The addition of Posey and Martin immediately created speculation that fifth-year receiver Jacoby Jones has played his last game with the Texans. With Johnson sidelined and Jones presented a golden opportunity to showcase his worth, Jones finished with only 31 receptions for 512 yards and two touchdowns in 16 games (10 starts).
His prowess as a return specialist was called into question after Jones muffed a punt against the Ravens in the divisional round of the playoffs. Baltimore cashed in that turnover for the decisive touchdown of its 20-13 victory. Posey, whose off-field issues with the Buckeyes were summarily dismissed by Smith, offers the promise as a compliment to Johnson. Martin has an extensive history as an explosive threat in the return game. Both, on the surface, appear to render Jones expendable.

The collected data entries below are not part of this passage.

lemma ipath_pow2_arena_is_play:
  assumes "0 < a" "0 < b" and path: "is_ipath (pow2_arena a b) 0 es"
  obtains c \<beta> where "es = pow2_play a b c \<beta>"
proof -
  have edge: "es i \<in> Ed (pow2_arena a b)" and link: "tgt (es i) = src (es (Suc i))" for i
    using path by (simp_all add: is_ipath_def)
  have "src (es 0) = 0"
    using path by (simp add: is_ipath_def)
  then obtain c where first: "es 0 = chain_edge a b c 0"
    using edge_from_start[OF edge] by blast
  define m where "m = chain_len a b c"
  have "0 < m"
    using assms by (simp add: m_def chain_len_def)
  note chain = ipath_follows_chain[OF path first, folded m_def]
  have "src (es (2 * m)) = 1"
    using link[of "2 * m - 1"] chain[of "2 * m - 1"] \<open>0 < m\<close> by (simp add: m_def)
  then obtain \<beta> where choice: "es (2 * m) = (1, commit \<beta>, 2)"
    using edge_from_choice[OF edge] by blast
  then have "src (es (Suc (2 * m))) = 2"
    using link[of "2 * m"] by simp
  note sink = ipath_stays_in_sink[OF path this]
  have "es i = pow2_play a b c \<beta> i" for i
  proof -
    consider "i < 2 * m" | "i = 2 * m" | "2 * m < i"
      by linarith
    then show ?thesis
    proof cases
      case 3
      then show ?thesis
        using sink[of "i - Suc (2 * m)"] by (simp add: pow2_play_def flip: m_def)
    qed (simp_all add: chain choice pow2_play_def flip: m_def)
  qed
  then show ?thesis
    using that by blast
qed

lemma prefix_pow2_play: "prefix (pow2_play a b c \<beta>) (2 * chain_len a b c) = chain_path a b c"
  by (simp add: prefix_def chain_path_def pow2_play_def)

lemma consistent_pow2_play_iff:
  assumes "0 < a" "0 < b"
  shows "consistent_ipath (pow2_arena a b) S 0 (pow2_play a b c \<beta>) \<longleftrightarrow>
    S (0, chain_path a b c) = (1, commit \<beta>, 2)"
proof -
  let ?es = "pow2_play a b c \<beta>" and ?n = "2 * chain_len a b c"
  have len: "0 < chain_len a b c"
    using assms by (simp add: chain_len_def)
  have "src (?es i) \<in> VP (pow2_arena a b) \<longleftrightarrow> i = ?n" for i
    using len chain_node_before_end(1)[of i a b c] by (simp add: src_pow2_play pow2_arena_def)
  then have "(\<forall>i. src (?es i) \<in> VP (pow2_arena a b) \<longrightarrow> ?es i = S (0, prefix ?es i)) \<longleftrightarrow>
      ?es ?n = S (0, prefix ?es ?n)"
    by simp
  also have "\<dots> \<longleftrightarrow> S (0, chain_path a b c) = (1, commit \<beta>, 2)"
    by (auto simp: prefix_pow2_play pow2_play_def)
  finally show ?thesis
    unfolding consistent_ipath_def using pow2_play_is_ipath[OF assms] by blast
qed

lemma col_pow2_play: "(\<lambda>i. col (pow2_play a b c \<beta> i)) = play_colours (chain_len a b c) \<beta>"
  by (simp add: pow2_play_def play_colours_def fun_eq_iff)

lemma winning_from_pow2_arena_iff:
  assumes "0 < a" "0 < b"
  shows "winning_from (pow2_arena a b) (RL \<inter> omega_seqs pow2_colours) S 0 \<longleftrightarrow>
    (\<forall>c \<beta>. S (0, chain_path a b c) = (1, commit \<beta>, 2) \<longrightarrow> \<beta> = is_pow2 (chain_len a b c))"
    (is "?winning \<longleftrightarrow> ?correct")
proof -
  have len: "1 \<le> chain_len a b c" for c
    using assms by (simp add: chain_len_def)
  have consistent_iff: "consistent_ipath (pow2_arena a b) S 0 es \<longleftrightarrow>
      (\<exists>c \<beta>. es = pow2_play a b c \<beta> \<and> S (0, chain_path a b c) = (1, commit \<beta>, 2))" for es
  proof
    assume consistent: "consistent_ipath (pow2_arena a b) S 0 es"
    then obtain c \<beta> where "es = pow2_play a b c \<beta>"
      using ipath_pow2_arena_is_play[OF assms] unfolding consistent_ipath_def by blast
    then show "\<exists>c \<beta>. es = pow2_play a b c \<beta> \<and> S (0, chain_path a b c) = (1, commit \<beta>, 2)"
      using consistent consistent_pow2_play_iff[OF assms] by blast
  qed (use consistent_pow2_play_iff[OF assms] in blast)
  have "?winning \<longleftrightarrow> (\<forall>c \<beta>. S (0, chain_path a b c) = (1, commit \<beta>, 2) \<longrightarrow>
      (\<lambda>i. col (pow2_play a b c \<beta> i)) \<in> RL \<inter> omega_seqs pow2_colours)"
    unfolding winning_from_def consistent_iff by blast
  also have "\<dots> \<longleftrightarrow> (\<forall>c \<beta>. S (0, chain_path a b c) = (1, commit \<beta>, 2) \<longrightarrow>
      play_colours (chain_len a b c) \<beta> \<in> RL \<inter> omega_seqs pow2_colours)"
    by (simp only: col_pow2_play)
  moreover have "play_colours (chain_len a b c) \<beta> \<in> RL \<inter> omega_seqs pow2_colours \<longleftrightarrow>
      \<beta> = is_pow2 (chain_len a b c)" for c \<beta>
    using play_colours_in_RL_iff[OF len] play_colours_in_pow2_colours
    by (simp add: omega_seqs_def)
  ultimately show ?thesis
    by simp
qed

lemma length_chain_path [simp]: "length (chain_path a b c) = 2 * chain_len a b c"
  by (simp add: chain_path_def)

lemma chain_path_is_fpath:
  assumes "0 < a" "0 < b"
  shows "is_fpath (pow2_arena a b) (0, chain_path a b c)"
    and "last_node (0, chain_path a b c) = 1"
proof -
  have len: "0 < chain_len a b c"
    using assms by (simp add: chain_len_def)
  then have "hd (chain_path a b c) = chain_edge a b c 0"
    by (simp add: chain_path_def hd_map)
  moreover have "set (chain_path a b c) \<subseteq> Ed (pow2_arena a b)"
    using chain_edge_in_edges by (auto simp: chain_path_def)
  ultimately show "is_fpath (pow2_arena a b) (0, chain_path a b c)"
    unfolding is_fpath_def using len by (simp add: nodes_pow2_arena chain_path_def)
  have "last (chain_path a b c) = chain_edge a b c (2 * chain_len a b c - 1)"
    using len by (simp add: chain_path_def last_map)
  then show "last_node (0, chain_path a b c) = 1"
    unfolding last_node_def using len by (simp add: chain_path_def)
qed

lemma pow2_arena_winnable:
  assumes "0 < a" "0 < b"
  obtains S where "is_strategy (pow2_arena a b) S"
    and "winning_from (pow2_arena a b) (RL \<inter> omega_seqs pow2_colours) S 0"
proof
  let ?S = "\<lambda>p :: (omega \<Rightarrow> omega) fpath. (1, commit (is_pow2 (length (snd p) div 2)), 2)"
  show "is_strategy (pow2_arena a b) ?S"
    by (simp add: is_strategy_def pow2_arena_def)
  show "winning_from (pow2_arena a b) (RL \<inter> omega_seqs pow2_colours) ?S 0"
    using winning_from_pow2_arena_iff[OF assms] by (simp add: commit_eq_iff)
qed

lemma pow2_arena_uniform_strategy_loses:
  assumes "0 < a" "0 < b" "is_pow2 a \<noteq> is_pow2 b"
    and "is_strategy (pow2_arena a b) S"
    and "S (0, chain_path a b False) = S (0, chain_path a b True)"
  shows "\<not> winning_from (pow2_arena a b) (RL \<inter> omega_seqs pow2_colours) S 0"
proof -
  have "S (0, chain_path a b False) \<in> Ed (pow2_arena a b)"
    and "src (S (0, chain_path a b False)) = 1"
    using assms(4) chain_path_is_fpath[OF assms(1,2)] unfolding is_strategy_def
    by (simp_all add: pow2_arena_def)
  then obtain \<beta> where "S (0, chain_path a b False) = (1, commit \<beta>, 2)"
    by (rule edge_from_choice)
  then show ?thesis
    using assms(3,5) winning_from_pow2_arena_iff[OF assms(1,2)]
    by (auto simp: chain_len_def commit_eq_iff)
qed

lemma map_col_chain_path:
  assumes "0 < chain_len a b c"
  shows "map col (chain_path a b c) =
    replicate (chain_len a b c) step_up @ flip_at_pow2 # replicate (chain_len a b c - 1) step_down"
  using assms
  by (intro nth_equalityI) (auto simp: chain_path_def chain_colour_def nth_append nth_Cons')

lemma mem_after_chain_path:
  assumes "is_memory (pow2_arena a b) M m0 \<delta>" "chromatic (pow2_arena a b) M \<delta>" "0 < a" "0 < b"
  defines "step \<equiv> colour_step (pow2_arena a b) \<delta>"
  shows "mem_after m0 \<delta> (0, chain_path a b c) =
    (step step_down ^^ (chain_len a b c - 1)) (step flip_at_pow2 ((step step_up ^^ chain_len a b c) m0))"
proof -
  have len: "0 < chain_len a b c"
    using assms by (simp add: chain_len_def)
  have "m0 \<in> M"
    using assms(1) by (simp add: is_memory_def)
  moreover have "set (chain_path a b c) \<subseteq> Ed (pow2_arena a b)"
    using chain_edge_in_edges by (auto simp: chain_path_def)
  ultimately show ?thesis
    unfolding mem_after_def step_def
    using chromatic_fold_colours[OF assms(1,2)] by (simp add: map_col_chain_path[OF len])
qed

lemma chromatic_memory_confuses_chains:
  assumes memory: "is_memory (pow2_arena a b) M m0 \<delta>" "chromatic (pow2_arena a b) M \<delta>"
    and "2 \<le> a" "card M \<le> a - 1" "b = a + fact (card M)"
  shows "mem_after m0 \<delta> (0, chain_path a b False) = mem_after m0 \<delta> (0, chain_path a b True)"
proof -
  define step where "step = colour_step (pow2_arena a b) \<delta>"
  have "finite M" "m0 \<in> M"
    using memory(1) by (simp_all add: is_memory_def)
  have closed: "step (chain_colour a i) ` M \<subseteq> M" if "i < 2 * a" for i
  proof -
    have "chain_edge a b False i \<in> Ed (pow2_arena a b)"
      using that by (intro chain_edge_in_edges) (simp add: chain_len_def)
    from colour_step_in_memory[OF memory(1) _ this] show ?thesis
      by (auto simp: step_def chain_len_def)
  qed
  have up: "step step_up ` M \<subseteq> M" and flip: "step flip_at_pow2 ` M \<subseteq> M"
    and down: "step step_down ` M \<subseteq> M"
    using closed[of 0] closed[of a] closed[of "Suc a"] assms(3) by (simp_all add: chain_colour_def)
  have "(step step_up ^^ b) m0 = (step step_up ^^ a) m0"
    using funpow_fact_card_period[OF \<open>finite M\<close> up \<open>m0 \<in> M\<close>] assms(3-5) by simp
  moreover have "(step step_down ^^ (b - 1)) r = (step step_down ^^ (a - 1)) r" if "r \<in> M" for r
    using funpow_fact_card_period[OF \<open>finite M\<close> down that, of "a - 1"] assms(3-5) by simp
  moreover have "step flip_at_pow2 ((step step_up ^^ a) m0) \<in> M"
    using flip up \<open>m0 \<in> M\<close> by (auto intro: funpow_in_invariant_set)
  ultimately show ?thesis
    using mem_after_chain_path[OF memory] assms(3,5) by (simp add: step_def chain_len_def)
qed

"Jacoby is still on our football team. We did not trade Jacoby," Smith said, addressing rumors that Jones is on the trading block. "You're always entertaining any kind of phone calls that you have over the course of a draft. We do our due diligence that way, but he's still on our team. It (drafting Posey and Martin) does not signal the end of anything at this point. What we were trying to do is add quality football players."
With their final two picks of the draft, the Texans selected Texas A&M kicker Randy Bullock in the fifth round (161st overall), and Purdue offensive tackle Nick Mondek, a converted defensive lineman, in the sixth (No. 195). Bullock, a Klein High School product, claimed the Lou Groza Award as the nation's top kicker and was a consensus All-America after setting school records with 142 points, 19 field goals and 55 PATs.